最も水月に気絶させられていたから知らないがその時も悲しげな顔はしていたが。スミレはどうしたのかと聞こうと口を開きかけた時
「じゃあ茶丸を届けに来ただけだから俺帰るわ。またな委員長」
有無を言わさずにそう言った。何時もなら確かに「うん。またね」と言うのだが今のボルトはどう見ても様子がおかしかった。
だから帰ろうと背を向けたボルトの手を鵺と茶丸を離した手で掴んでしまったのかもしれない
「……委員長?」
スミレは割と無意識にしてしまった行動に内心パニックになりながらも口を開いた
「この後時間ある? 科学忍具の使用感とか聞きたいな」
そう結構咄嗟に思いついた理由を言った。勿論止めたのはそれが理由ではない。この理由は手を掴んで1秒後に作った。
本当の理由は今のボルトを1人にしてはいけない……そう漠然と思ってしまったからだ。ボルトはスミレを少し見てたが科学者だもんなと思い直して
「おう、良いぜ」
スミレの内心を知らずにそう言った。スミレは鵺との実験を中止してお茶を用意するついでにアキタに訳を話し許可を貰った。ボルトを応接室に案内してお茶を出した。
その間にボルトは何やらゴソゴソしてると思ったら昨日渡した科学忍具を出した。
「悪ぃ、持って帰っちまう所だったってばさ」
そう先程茶丸を送り届けそのまま帰ろうとしたのを思い出し言った。スミレは首を振って
「いいよ、ボルト君が持ってて。邪魔じゃなかったらだけどね」
ボルトはそれを聞き科学忍具達を見る。昨日、ここに来る前までのボルトなら却下していたかもしれない。と言うよりした。しかし今は科学忍具に対する苦手意識はそんなに無い。
「じゃあ……サンキューだってばさ」
そう言ってまたカバンに入れた。
(やっぱり元気が無い。どうしたんだろう?)
ボルトが元気を無くす時は大概誰かが絡んでいる。ゴースト事件の時はスミレが、下忍試験の時はクラスメイト達が、中忍試験の時は殆ど自爆だからあれだが。

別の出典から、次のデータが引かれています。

lemma abs_sum_xi1_le:
  assumes nonneg: "\<forall>i<n. 0 \<le> T0 i" and c: "0 \<le> c"
    and bound: "\<And>k. k < length (event_times T0 n) - 1 \<Longrightarrow>
      \<bar>centered_risk_product p mu n T1 T0 (event_times T0 n ! k) \<omega>\<bar>
        \<le> c * Nc n T1 T0 (event_times T0 n ! k) \<omega> * sqrt (Nc n T1 T0 (event_times T0 n ! k) \<omega>)"
  shows "\<bar>\<Sum>k < length (event_times T0 n) - 1. xi1 p mu n T1 T0 (event_times T0 n ! k) \<omega>\<bar> \<le> 4 * c * sqrt n"
proof -
  define ts where "ts = event_times T0 n"
  define K where "K = length ts - 1"
  define a where "a k = Nc n T1 T0 (ts ! k) \<omega>" for k
  define D where "D k = Dc n T1 T0 (ts ! k) \<omega>" for k
  have D_le: "0 \<le> D k \<and> D k \<le> a k - a (Suc k)" if "k < K" for k
  proof -
    have "0 \<le> ts ! k" "ts ! k < ts ! Suc k"
      using that event_times_nonneg[OF nonneg] event_times_less by (auto simp: ts_def K_def)
    from Dc_add_Nc_le[OF this, of n T1 T0 \<omega>] show ?thesis
      by (auto simp: D_def a_def Dc_def Nc_def)
  qed
  have a_nonneg: "0 \<le> a k" for k
    by (simp add: a_def Nc_def)
  have "\<bar>xi1 p mu n T1 T0 (ts ! k) \<omega>\<bar> \<le> 2 * c * D k / sqrt (a k)" if "k < K" for k
    unfolding xi1_eq_centered_risk_product a_def D_def
  proof (rule abs_xi_factor_le)
    show "Nc n T1 T0 (ts ! k) \<omega> \<in> \<nat>"
      by (simp add: Nc_def)
    show "0 \<le> Dc n T1 T0 (ts ! k) \<omega>" "Dc n T1 T0 (ts ! k) \<omega> \<le> Nc n T1 T0 (ts ! k) \<omega>"
      using D_le[OF that] a_nonneg[of "Suc k"] by (auto simp: a_def D_def)
    show "\<bar>centered_risk_product p mu n T1 T0 (ts ! k) \<omega>\<bar>
        \<le> c * Nc n T1 T0 (ts ! k) \<omega> * sqrt (Nc n T1 T0 (ts ! k) \<omega>)"
      using bound that by (simp add: K_def ts_def)
  qed
  then have "\<bar>\<Sum>k<K. xi1 p mu n T1 T0 (ts ! k) \<omega>\<bar> \<le> (\<Sum>k<K. 2 * c * D k / sqrt (a k))"
    by (intro order_trans[OF sum_abs] sum_mono) simp
  also have "\<dots> = 2 * c * (\<Sum>k<K. D k / sqrt (a k))"
    by (simp add: sum_distrib_left)
  also have "\<dots> \<le> 2 * c * (2 * sqrt (a 0))"
    using D_le a_nonneg c by (intro mult_left_mono sum_div_sqrt_le) auto
  also have "\<dots> \<le> 4 * c * sqrt n"
    using c Nc_le[of n T1 T0 "ts ! 0" \<omega>] by (simp add: a_def mult_left_mono)
  finally show ?thesis
    by (simp add: K_def ts_def)
qed

section \<open>The tail bound\<close>

lemma exp_minus_two_ln:
  fixes x :: real
  shows "0 < x \<Longrightarrow> exp (-2 * ln x) = 1 / x\<^sup>2"
proof -
  assume "0 < x"
  then have "-2 * ln x = - ln (x\<^sup>2)"
    by (simp add: ln_realpow)
  then show ?thesis
    using \<open>0 < x\<close> by (simp add: exp_minus divide_inverse)
qed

今回は誰が絡んでいるのだろうか。まさかサラダやミツキか?
スミレは昨日の戦いをボソボソと話してくれるボルトを見ながら考える。そしてある所まで来たらボルトは隠しているつもりなのかもしれないが1層悲しげな顔をした。それは洞窟で敵に襲われた時ら辺の話だ。何故かそこら辺の話は彼にしては珍しくボカして飛ばした。
(ここかな、元気がない理由は)
ボルトが元気を無くした出来事の時系列を決定した。その洞窟の時に何かがあったのだ。それも立ち直りが基本的に早いボルトが今も立ち直れない位の出来事が。
「チャクラ刀はやっぱり使い方次第だったってばさ」
そう無理矢理笑顔を作ったボルトをスミレは心配な顔で見ていた。ボルトはその顔に気が付き
「ど、どうしたんだってばさ委員長?」
「ボルト君、無理してない?」
ただそれだけをズバリと聞いた。ボルトはスミレの言葉に面をくらい少しだけ呆然としていた。そんなボルトをスミレはまた心配な顔で待つ。そんなスミレの表情に少し耐えられなかったのかボルトは慌てて返す
「な、何でも無いってばさ。どうしたんだいきなり?」
あからさまに動揺しているのが分かる。しかしスミレはボルトが何で元気が無いのか知らない。だからこれ以上踏み入った質問が出来ない。それでもボルトの力になりたくて少し声を震わせながら言った。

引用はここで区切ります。